С некоторых пор она почти не ест, хотя бабушка готовит ее любимые блюда. Зато пьет кофе. Раз пять на дню. Впрочем, в этом она не одинока.

Кофе - культ. Всплывающее солнце и взбегающая кофейная шапка. Чтобы начал вскипать, но не вскипел. Караулящие над туркой - они говорят "джезви" - примятые утренние люди. В шесть лет, когда пошел в школу и начал вставать рано, Митя любил караулить джезви на газу. Напросится, а сам задумается о чем-то и прозевывает. Мама вытирает плиту и начинает варить заново: плохой кофе с утра - неудачный день. Кухни с вязанками лука и пригоревшими кастрюлями, кухни особняков на плато Нуцубидзе с дубовым паркетом и натюрмортом на стене - пронизаны одним запахом. Нанизаны на него, как на общую ось.

Джезви, вынутые из ящиков рабочих столов. Начинать нужно с приятного. Начальства можно не опасаться. Из его, начальства, кабинета льется тот же запах. Не спеша, крохотными огненными глоточками, под сигаретку и разговорчики о том о сем. Глядишь, и работа уже не лежит впереди удручающим восьмичасовым безбрежьем. Все пройдет - а пока чашечка кофе.

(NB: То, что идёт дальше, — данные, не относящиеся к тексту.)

lemma vaccination_coefficients_tendsto:
  "((\<lambda>p::real. p * \<theta> / (1 + p - \<theta>)) \<longlongrightarrow> \<theta>) at_top"
  "((\<lambda>p::real. (1 + p) * (1 - \<theta>) / (1 + p - \<theta>)) \<longlongrightarrow> 1 - \<theta>) at_top"
  using tendsto_mult_left[OF tendsto_shifted_ratio_at_top[of 0 "1 - \<theta>"], of \<theta>]
    tendsto_mult_left[OF tendsto_shifted_ratio_at_top[of 1 "1 - \<theta>"], of "1 - \<theta>"]
  by (simp_all add: algebra_simps)

lemma filterlim_scale_at_top: "0 < c \<Longrightarrow> filterlim (\<lambda>x::real. c * x) at_top at_top"
  by (rule filterlim_tendsto_pos_mult_at_top[OF tendsto_const _ filterlim_ident])

lemma integral_less_if_not_AE_eq:
  fixes f g :: "'a \<Rightarrow> real"
  assumes f: "integrable M f" and g: "integrable M g" and le: "\<And>x. f x \<le> g x"
    and not_eq: "\<not> (AE x in M. f x = g x)"
  shows "integral\<^sup>L M f < integral\<^sup>L M g"
proof -
  have "integral\<^sup>L M f \<le> integral\<^sup>L M g"
    using f g le by (rule integral_mono)
  moreover have "integral\<^sup>L M f \<noteq> integral\<^sup>L M g"
  proof
    assume "integral\<^sup>L M f = integral\<^sup>L M g"
    then have "integral\<^sup>L M (\<lambda>x. g x - f x) = 0"
      using f g by simp
    then have "AE x in M. g x - f x = 0"
      using integral_nonneg_eq_0_iff_AE[of M "\<lambda>x. g x - f x"] f g le by auto
    then have "AE x in M. f x = g x"
      by eventually_elim simp
    with not_eq show False
      by simp
  qed
  ultimately show ?thesis
    by simp
qed

lemma ex1_crossing_strict_decreasing:
  fixes g :: "real \<Rightarrow> real"
  assumes cont: "continuous_on {0..} g"
    and decr: "\<And>x y. 0 \<le> x \<Longrightarrow> x < y \<Longrightarrow> g y < g x"
    and start: "c < g 0" and lim: "(g \<longlongrightarrow> d) at_top" and "d < c"
  shows "\<exists>!x. x > 0 \<and> c = g x"
proof -
  obtain N where N: "\<And>x. x \<ge> N \<Longrightarrow> g x < c"
    using order_tendstoD(2)[OF lim \<open>d < c\<close>] by (auto simp: eventually_at_top_linorder)
  define X where "X = max 0 N"
  have "continuous_on {0..X} g"
    using cont by (rule continuous_on_subset) auto
  moreover have "g X < c" "0 \<le> X"
    using N by (simp_all add: X_def)
  ultimately obtain x where x: "0 \<le> x" "x \<le> X" "g x = c"
    using IVT2'[of g X c 0] start by auto
  with start have x_pos: "x > 0"
    by (cases "x = 0") auto
  show ?thesis
  proof (rule ex1I[of _ x])
    fix z assume z: "z > 0 \<and> c = g z"
    show "z = x"
    proof (rule ccontr)
      assume "z \<noteq> x"
      then consider "z < x" | "x < z"
        by linarith
      then show False
      proof cases
        case 1
        with z have "g x < g z"
          by (intro decr) auto
        with x(3) z show False
          by simp
      next
        case 2
        with x(1) have "g z < g x"
          by (intro decr) auto
        with x(3) z show False
          by simp
      qed
    qed
  qed (use x x_pos in simp)
qed

locale antitone_kernel =
  fixes k :: "real \<Rightarrow> real"
  assumes borel_measurable_kernel[measurable]: "k \<in> borel_measurable borel"
    and kernel_nonneg: "\<And>a. 0 \<le> k a"
    and kernel_eq_0_neg: "\<And>a. a < 0 \<Longrightarrow> k a = 0"
    and integrable_kernel: "integrable lborel k"
    and integral_kernel_pos: "integral\<^sup>L lborel k > 0"
    and kernel_antimono: "\<And>a b. 0 < a \<Longrightarrow> a \<le> b \<Longrightarrow> k b \<le> k a"
begin

definition laplace :: "real \<Rightarrow> real" where
  "laplace y = (\<integral>a. exp (- (a * y)) * k a \<partial>lborel)"

lemma laplace_integrand_antimono:
  assumes "0 \<le> y" "y \<le> z"
  shows "exp (- (a * z)) * k a \<le> exp (- (a * y)) * k a"
proof (cases "a < 0")
  case False
  then have "- (a * z) \<le> - (a * y)"
    using assms by (simp add: mult_left_mono)
  then show ?thesis
    using kernel_nonneg[of a] by (intro mult_right_mono) auto
qed (simp add: kernel_eq_0_neg)

lemma laplace_integrand_le_kernel: "0 \<le> y \<Longrightarrow> norm (exp (- (a * y)) * k a) \<le> norm (k a)"
  using laplace_integrand_antimono[of 0 y a] kernel_nonneg[of a] by simp

lemma integrable_laplace_integrand: "0 \<le> y \<Longrightarrow> integrable lborel (\<lambda>a. exp (- (a * y)) * k a)"
  by (rule Bochner_Integration.integrable_bound[OF integrable_kernel _ AE_I2[OF laplace_integrand_le_kernel]])
     simp_all

lemma laplace_nonneg: "0 \<le> laplace y"
  unfolding laplace_def by (intro Bochner_Integration.integral_nonneg) (simp add: kernel_nonneg)

lemma continuous_on_laplace: "continuous_on {0..} laplace"
proof (rule continuous_on_sequentiallyI)
  fix u :: "nat \<Rightarrow> real" and y
  assume u: "\<forall>n. u n \<in> {0..}" "u \<longlonglongrightarrow> y"
  show "(\<lambda>n. laplace (u n)) \<longlonglongrightarrow> laplace y"
    unfolding laplace_def
  proof (rule integral_dominated_convergence[where w = k])
    show "AE a in lborel. (\<lambda>n. exp (- (a * u n)) * k a) \<longlonglongrightarrow> exp (- (a * y)) * k a"
      using u(2) by (intro AE_I2 tendsto_intros)
    show "AE a in lborel. norm (exp (- (a * u n)) * k a) \<le> k a" for n
      using u(1) laplace_integrand_le_kernel kernel_nonneg by auto
  qed (simp_all add: integrable_kernel)
qed

lemma laplace_tendsto_0: "(laplace \<longlongrightarrow> 0) at_top"
proof -
  have "AE a in lborel. ((\<lambda>y. exp (- (a * y)) * k a) \<longlongrightarrow> 0) at_top"
    using AE_lborel_singleton[of 0]
  proof eventually_elim
    case (elim a)
    show ?case
    proof (cases "a < 0")
      case False
      with elim have "0 < a"
        by simp
      then have "((\<lambda>y. exp (- (a * y))) \<longlongrightarrow> 0) at_top"
        using filterlim_compose[OF exp_at_bot
            filterlim_uminus_at_top[THEN iffD1, OF filterlim_scale_at_top]] by simp
      then show ?thesis
        by (rule tendsto_mult_left_zero)
    qed (simp add: kernel_eq_0_neg)
  qed
  moreover have "\<forall>\<^sub>F y in at_top. AE a in lborel. norm (exp (- (a * y)) * k a) \<le> k a"
    using eventually_ge_at_top[of "0::real"]
    by eventually_elim (use laplace_integrand_le_kernel kernel_nonneg in auto)
  ultimately show ?thesis
    using integral_dominated_convergence_at_top[of "\<lambda>_. 0" lborel "\<lambda>y a. exp (- (a * y)) * k a" k]
      integrable_kernel by (simp add: laplace_def[abs_def])
qed

lemma laplace_strict_antimono:
  assumes "0 \<le> y" "y < z"
  shows "laplace z < laplace y"
  unfolding laplace_def
proof (rule integral_less_if_not_AE_eq)
  show "\<not> (AE a in lborel. exp (- (a * z)) * k a = exp (- (a * y)) * k a)"
  proof
    assume "AE a in lborel. exp (- (a * z)) * k a = exp (- (a * y)) * k a"
    then have "AE a in lborel. k a = 0"
      using AE_lborel_singleton[of 0]
    proof eventually_elim
      case (elim a)
      show ?case
      proof (cases "a < 0")
        case False
        with elim(2) assms have "exp (- (a * z)) \<noteq> exp (- (a * y))"
          by simp
        with elim(1) show ?thesis
          by simp
      qed (simp add: kernel_eq_0_neg)
    qed
    then have "integral\<^sup>L lborel k = 0"
      using integral_cong_AE[of k lborel "\<lambda>_. 0"] by simp
    with integral_kernel_pos show False
      by simp
  qed
qed (use assms in \<open>simp_all add: integrable_laplace_integrand laplace_integrand_antimono\<close>)

lemma laplace_less_imp_less: "0 \<le> y \<Longrightarrow> 0 \<le> z \<Longrightarrow> laplace z < laplace y \<Longrightarrow> y < z"
  using laplace_strict_antimono[of z y] by (cases y z rule: linorder_cases) auto

lemma integral_kernel_rescaled:
  assumes "0 < y"
  shows "integrable lborel (\<lambda>u. k (u / y))" "(\<integral>u. k (u / y) \<partial>lborel) = y * integral\<^sup>L lborel k"
proof -
  show "integrable lborel (\<lambda>u. k (u / y))"
    using lborel_integrable_real_affine[OF integrable_kernel, of "1 / y" 0] assms by simp
  have "(\<integral>u. k (u / y) \<partial>lborel) = \<bar>y\<bar> *\<^sub>R (\<integral>x. k ((0 + y * x) / y) \<partial>lborel)"
    using assms by (intro lborel_integral_real_affine) simp
  then show "(\<integral>u. k (u / y) \<partial>lborel) = y * integral\<^sup>L lborel k"
    using assms by simp
qed

lemma scaled_laplace_eq:
  assumes "0 < y"
  shows "integrable lborel (\<lambda>u. exp (- u) * k (u / y))"
    "y * laplace y = (\<integral>u. exp (- u) * k (u / y) \<partial>lborel)"
proof -
  have subst: "(\<lambda>x. exp (- ((0 + 1 / y * x) * y)) * k (0 + 1 / y * x)) = (\<lambda>u. exp (- u) * k (u / y))"
    using assms by (auto simp: field_simps)
  show "integrable lborel (\<lambda>u. exp (- u) * k (u / y))"
    using lborel_integrable_real_affine[OF integrable_laplace_integrand[of y], of "1 / y" 0] assms subst
    by simp
  have "laplace y = \<bar>1 / y\<bar> *\<^sub>R (\<integral>x. exp (- ((0 + 1 / y * x) * y)) * k (0 + 1 / y * x) \<partial>lborel)"
    unfolding laplace_def using assms by (intro lborel_integral_real_affine) simp
  then show "y * laplace y = (\<integral>u. exp (- u) * k (u / y) \<partial>lborel)"
    using assms subst by simp
qed

lemma scaled_laplace_strict_mono:
  assumes "0 < y" "y < z"
  shows "y * laplace y < z * laplace z"
proof -
  have "0 < z"
    using assms by simp
  have kernel_le: "k (u / y) \<le> k (u / z)" if "0 < u" for u
    using assms that by (intro kernel_antimono) (auto simp: divide_left_mono)
  have "(\<integral>u. exp (- u) * k (u / y) \<partial>lborel) < (\<integral>u. exp (- u) * k (u / z) \<partial>lborel)"
  proof (rule integral_less_if_not_AE_eq)
    show "exp (- u) * k (u / y) \<le> exp (- u) * k (u / z)" for u
      using kernel_le[of u] kernel_eq_0_neg[of "u / y"] kernel_eq_0_neg[of "u / z"] assms \<open>0 < z\<close>
      by (cases u "0::real" rule: linorder_cases) (auto simp: divide_neg_pos)
    show "\<not> (AE u in lborel. exp (- u) * k (u / y) = exp (- u) * k (u / z))"
    proof
      assume "AE u in lborel. exp (- u) * k (u / y) = exp (- u) * k (u / z)"
      then have "(\<integral>u. k (u / y) \<partial>lborel) = (\<integral>u. k (u / z) \<partial>lborel)"
        by (intro integral_cong_AE) (auto elim: AE_mp)
      then have "y * integral\<^sup>L lborel k = z * integral\<^sup>L lborel k"
        using integral_kernel_rescaled(2) assms \<open>0 < z\<close> by simp
      with integral_kernel_pos assms show False
        by simp
    qed
  qed (use assms \<open>0 < z\<close> scaled_laplace_eq(1) in auto)
  then show ?thesis
    using scaled_laplace_eq(2) assms \<open>0 < z\<close> by simp
qed

definition endemic_rhs :: "real \<Rightarrow> real \<Rightarrow> real \<Rightarrow> real" where
  "endemic_rhs \<theta> p x =
     (p * \<theta> * laplace (\<theta> * x) + (1 + p) * (1 - \<theta>) * laplace ((1 + p) * x)) / (1 + p - \<theta>)"

definition endemic_root :: "real \<Rightarrow> real \<Rightarrow> real" where
  "endemic_root \<theta> p = (THE x. x > 0 \<and> 1 = endemic_rhs \<theta> p x)"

В маленьких кофейнях, появившихся с Перестройкой, - кофе по-турецки. Томится, зреет в раскаленном песке. За прилавками в этих кофейнях какие-то неожиданные люди. Например, парень в белоснежной рубашке. (А не привычная мрачная тетка с нарисованными бровями.) Парень время от времени берется за деревянные ручки, передвигает, меняет местами джезви, оставляющие в песке полукруглые дымящиеся канавки. То зарывает поглубже, то поднимает, ставит сверху на жаркую поверхность. Он не спешит. И не должен спешить. К нему за тем и заходят - не спеша попить кофе, разомкнуть на минутку цепь суеты.

- Ваш кофе, пожалуйста.

Или вычерчивает прямой ладонью жест, похожий на тот, что чертят, знакомя кого-нибудь, - соединяет две точки: человека и чашки. Непривычно.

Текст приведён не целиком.